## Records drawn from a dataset
lemma is_D_function_cycle_strategy:
  assumes "n \<ge> 1"
  shows "is_D_function (cycV n) (cycN n) 3 (cycle_strategy n)"
  unfolding is_D_function_def
proof (intro conjI ballI impI)
  fix v and c :: "nat + nat \<Rightarrow> nat"
  assume v: "v \<in> cycV n" and c: "c \<in> configs (cycV n) 3"
  show "cycle_strategy n v c < 3"
  proof (cases v)
    case (Inl i)
    then show ?thesis using fguess_range by (simp add: cycle_strategy_def nat_less_iff)
  next
    case (Inr i)
    then have "i \<in> {1..n}" "n \<in> {1..n}" using v assms by (auto simp: cycV_def)
    then have "0 \<le> gguess n (\<lambda>j. int (c (Inl j))) i \<and> gguess n (\<lambda>j. int (c (Inl j))) i < 3"
      using configs_cycV_range[OF c] by (intro gguess_range) auto
    then show ?thesis using Inr by (simp add: cycle_strategy_def nat_less_iff)
  qed
next
  fix v and c c' :: "nat + nat \<Rightarrow> nat"
  assume agree: "\<forall>u\<in>cycN n v. c u = c' u"
  show "cycle_strategy n v c = cycle_strategy n v c'"
  proof (cases v)
    case (Inl i)
    then have "c (Inr i) = c' (Inr i)"
      "c (Inr (if i = 1 then n else i - 1)) = c' (Inr (if i = 1 then n else i - 1))"
      using agree by (auto simp: cycN_def)
    then show ?thesis using Inl by (cases "i = 1") (simp_all add: cycle_strategy_def fguess_def)
  next
    case (Inr i)
    then have "c (Inl i) = c' (Inl i)"
      "c (Inl (if i = n then 1 else i + 1)) = c' (Inl (if i = n then 1 else i + 1))"
      using agree by (auto simp: cycN_def)
    then show ?thesis using Inr by (cases "i = n") (simp_all add: cycle_strategy_def gguess_def)
  qed
qed

lemma q_solvable_if_no_bad:
  assumes n: "n > 1" and no_bad: "\<forall>x y. colouring n x \<and> colouring n y \<longrightarrow> \<not> bad n x y"
  shows "q_solvable (cycV n) (cycN n) 3"
proof -
  have "\<exists>v\<in>cycV n. cycle_strategy n v c = c v" if c: "c \<in> configs (cycV n) 3" for c
  proof -
    define x where "x = (\<lambda>j. int (c (Inl j)))"
    define y where "y = (\<lambda>j. int (c (Inr j)))"
    have "colouring n x" "colouring n y"
      unfolding colouring_def x_def y_def
      using configs_cycV_range[OF c] int_mem_012_if_less_3 by blast+
    then obtain i where i: "i \<in> {1..n}" and "fguess n y i = x i \<or> gguess n x i = y i"
      using no_bad unfolding bad_def by blast
    then have "cycle_strategy n (Inl i) c = c (Inl i) \<or> cycle_strategy n (Inr i) c = c (Inr i)"
      by (auto simp: cycle_strategy_def x_def y_def)
    moreover have "Inl i \<in> cycV n" "Inr i \<in> cycV n" using i by (auto simp: cycV_def)
    ultimately show ?thesis by blast
  qed
  moreover have "is_D_function (cycV n) (cycN n) 3 (cycle_strategy n)"
    using n by (intro is_D_function_cycle_strategy) simp
  ultimately show ?thesis unfolding q_solvable_def by blast
qed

## WHAT THE TASK ASKS
For each record above, write it out again exactly.

## ANSWER FOR THE TASK
lemma is_D_function_cycle_strategy:
  assumes "n \<ge> 1"
  shows "is_D_function (cycV n) (cycN n) 3 (cycle_strategy n)"
  unfolding is_D_function_def
proof (intro conjI ballI impI)
  fix v and c :: "nat + nat \<Rightarrow> nat"
  assume v: "v \<in> cycV n" and c: "c \<in> configs (cycV n) 3"
  show "cycle_strategy n v c < 3"
  proof (cases v)
    case (Inl i)
    then show ?thesis using fguess_range by (simp add: cycle_strategy_def nat_less_iff)
  next
    case (Inr i)
    then have "i \<in> {1..n}" "n \<in> {1..n}" using v assms by (auto simp: cycV_def)
    then have "0 \<le> gguess n (\<lambda>j. int (c (Inl j))) i \<and> gguess n (\<lambda>j. int (c (Inl j))) i < 3"
      using configs_cycV_range[OF c] by (intro gguess_range) auto
    then show ?thesis using Inr by (simp add: cycle_strategy_def nat_less_iff)
  qed
next
  fix v and c c' :: "nat + nat \<Rightarrow> nat"
  assume agree: "\<forall>u\<in>cycN n v. c u = c' u"
  show "cycle_strategy n v c = cycle_strategy n v c'"
  proof (cases v)
    case (Inl i)
    then have "c (Inr i) = c' (Inr i)"
      "c (Inr (if i = 1 then n else i - 1)) = c' (Inr (if i = 1 then n else i - 1))"
      using agree by (auto simp: cycN_def)
    then show ?thesis using Inl by (cases "i = 1") (simp_all add: cycle_strategy_def fguess_def)
  next
    case (Inr i)
    then have "c (Inl i) = c' (Inl i)"
      "c (Inl (if i = n then 1 else i + 1)) = c' (Inl (if i = n then 1 else i + 1))"
      using agree by (auto simp: cycN_def)
    then show ?thesis using Inr by (cases "i = n") (simp_all add: cycle_strategy_def gguess_def)
  qed
qed

lemma q_solvable_if_no_bad:
  assumes n: "n > 1" and no_bad: "\<forall>x y. colouring n x \<and> colouring n y \<longrightarrow> \<not> bad n x y"
  shows "q_solvable (cycV n) (cycN n) 3"
proof -
  have "\<exists>v\<in>cycV n. cycle_strategy n v c = c v" if c: "c \<in> configs (cycV n) 3" for c
  proof -
    define x where "x = (\<lambda>j. int (c (Inl j)))"
    define y where "y = (\<lambda>j. int (c (Inr j)))"
    have "colouring n x" "colouring n y"
      unfolding colouring_def x_def y_def
      using configs_cycV_range[OF c] int_mem_012_if_less_3 by blast+
    then obtain i where i: "i \<in> {1..n}" and "fguess n y i = x i \<or> gguess n x i = y i"
      using no_bad unfolding bad_def by blast
    then have "cycle_strategy n (Inl i) c = c (Inl i) \<or> cycle_strategy n (Inr i) c = c (Inr i)"
      by (auto simp: cycle_strategy_def x_def y_def)
    moreover have "Inl i \<in> cycV n" "Inr i \<in> cycV n" using i by (auto simp: cycV_def)
    ultimately show ?thesis by blast
  qed
  moreover have "is_D_function (cycV n) (cycN n) 3 (cycle_strategy n)"
    using n by (intro is_D_function_cycle_strategy) simp
  ultimately show ?thesis unfolding q_solvable_def by blast
qed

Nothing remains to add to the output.